- _WHAT THE TASK REQUIRES_
Exactly as they appear, copy the lines from the start of the entries below to the line containing "qed (rule good_branch_red0)", both ends included.

- _TASK INPUT_
● ● ● ● ● ● ●
lemma ex_lts_Inp: "fmlookup m a = Some v \<Longrightarrow> \<exists>q. lts (h, Some (Inp m)) (AIn a) q"
  using fmap_card_ge_2_or_single by (metis lts.inp_choice lts.inp_prefix)

lemma ex_lts_ROut: "fmlookup m a = Some v \<Longrightarrow> \<exists>q. lts (h, Some (ROut m)) (AOut a) q"
  using fmap_card_ge_2_or_single by (metis lts.rout_choice lts.out_prefix)

lemma good_branch_red0:
  assumes "good_branch x y"
  shows "\<exists>q. red0 ((hc, Some x), (hs, Some y)) q"
proof -
  obtain m n k r s where or: "x = Inp m \<and> y = ROut n \<or> x = ROut m \<and> y = Inp n"
    and k: "fmlookup m k = Some r" "fmlookup n k = Some s"
    using assms unfolding good_branch_def by blast
  from or show ?thesis
  proof (elim disjE conjE)
    assume "x = Inp m" "y = ROut n"
    then show ?thesis
      using ex_lts_Inp[OF k(1)] ex_lts_ROut[OF k(2)] red0.comm[of _ "AIn k"] by fastforce
  next
    assume "x = ROut m" "y = Inp n"
    then show ?thesis
      using ex_lts_ROut[OF k(1)] ex_lts_Inp[OF k(2)] red0.comm[of _ "AOut k"] by fastforce
  qed
qed

lemma ready_red0:
  assumes "ready x y"
  shows "\<exists>q. red0 ((hc, Some x), (hs, Some y)) q"
  using assms unfolding ready_def
proof (elim disjE exE conjE)
  fix m assume "x = UOut m" "2 \<le> card (fmdom' m)"
  then show ?thesis
    using fmap_ex_lookup_if_card_ge_2 lts.uout_tau red0.tau_client by metis
next
  fix m assume "y = UOut m" "2 \<le> card (fmdom' m)"
  then show ?thesis
    using fmap_ex_lookup_if_card_ge_2 lts.uout_tau red0.tau_server by metis
qed (rule good_branch_red0)

text \<open>The two histories are pushed and popped in lockstep, so a retry point sits at the same
index of both stacks.\<close>
definition compliance_inv :: "'n hstate \<Rightarrow> 'n hstate \<Rightarrow> bool" where
  "compliance_inv c s \<longleftrightarrow> snd c = Some One \<or>
     (\<exists>x y. snd c = Some x \<and> snd s = Some y \<and> ready x y) \<or>
     (\<exists>i x y. i < length (fst c) \<and> i < length (fst s) \<and>
        fst c ! i = Some x \<and> fst s ! i = Some y \<and> good_branch x y)"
● ● ● ● ● ● ●
- _RESPONSE TO THE EXERCISE_
lemma ex_lts_Inp: "fmlookup m a = Some v \<Longrightarrow> \<exists>q. lts (h, Some (Inp m)) (AIn a) q"
  using fmap_card_ge_2_or_single by (metis lts.inp_choice lts.inp_prefix)

lemma ex_lts_ROut: "fmlookup m a = Some v \<Longrightarrow> \<exists>q. lts (h, Some (ROut m)) (AOut a) q"
  using fmap_card_ge_2_or_single by (metis lts.rout_choice lts.out_prefix)

lemma good_branch_red0:
  assumes "good_branch x y"
  shows "\<exists>q. red0 ((hc, Some x), (hs, Some y)) q"
proof -
  obtain m n k r s where or: "x = Inp m \<and> y = ROut n \<or> x = ROut m \<and> y = Inp n"
    and k: "fmlookup m k = Some r" "fmlookup n k = Some s"
    using assms unfolding good_branch_def by blast
  from or show ?thesis
  proof (elim disjE conjE)
    assume "x = Inp m" "y = ROut n"
    then show ?thesis
      using ex_lts_Inp[OF k(1)] ex_lts_ROut[OF k(2)] red0.comm[of _ "AIn k"] by fastforce
  next
    assume "x = ROut m" "y = Inp n"
    then show ?thesis
      using ex_lts_ROut[OF k(1)] ex_lts_Inp[OF k(2)] red0.comm[of _ "AOut k"] by fastforce
  qed
qed

lemma ready_red0:
  assumes "ready x y"
  shows "\<exists>q. red0 ((hc, Some x), (hs, Some y)) q"
  using assms unfolding ready_def
proof (elim disjE exE conjE)
  fix m assume "x = UOut m" "2 \<le> card (fmdom' m)"
  then show ?thesis
    using fmap_ex_lookup_if_card_ge_2 lts.uout_tau red0.tau_client by metis
next
  fix m assume "y = UOut m" "2 \<le> card (fmdom' m)"
  then show ?thesis
    using fmap_ex_lookup_if_card_ge_2 lts.uout_tau red0.tau_server by metis
qed (rule good_branch_red0)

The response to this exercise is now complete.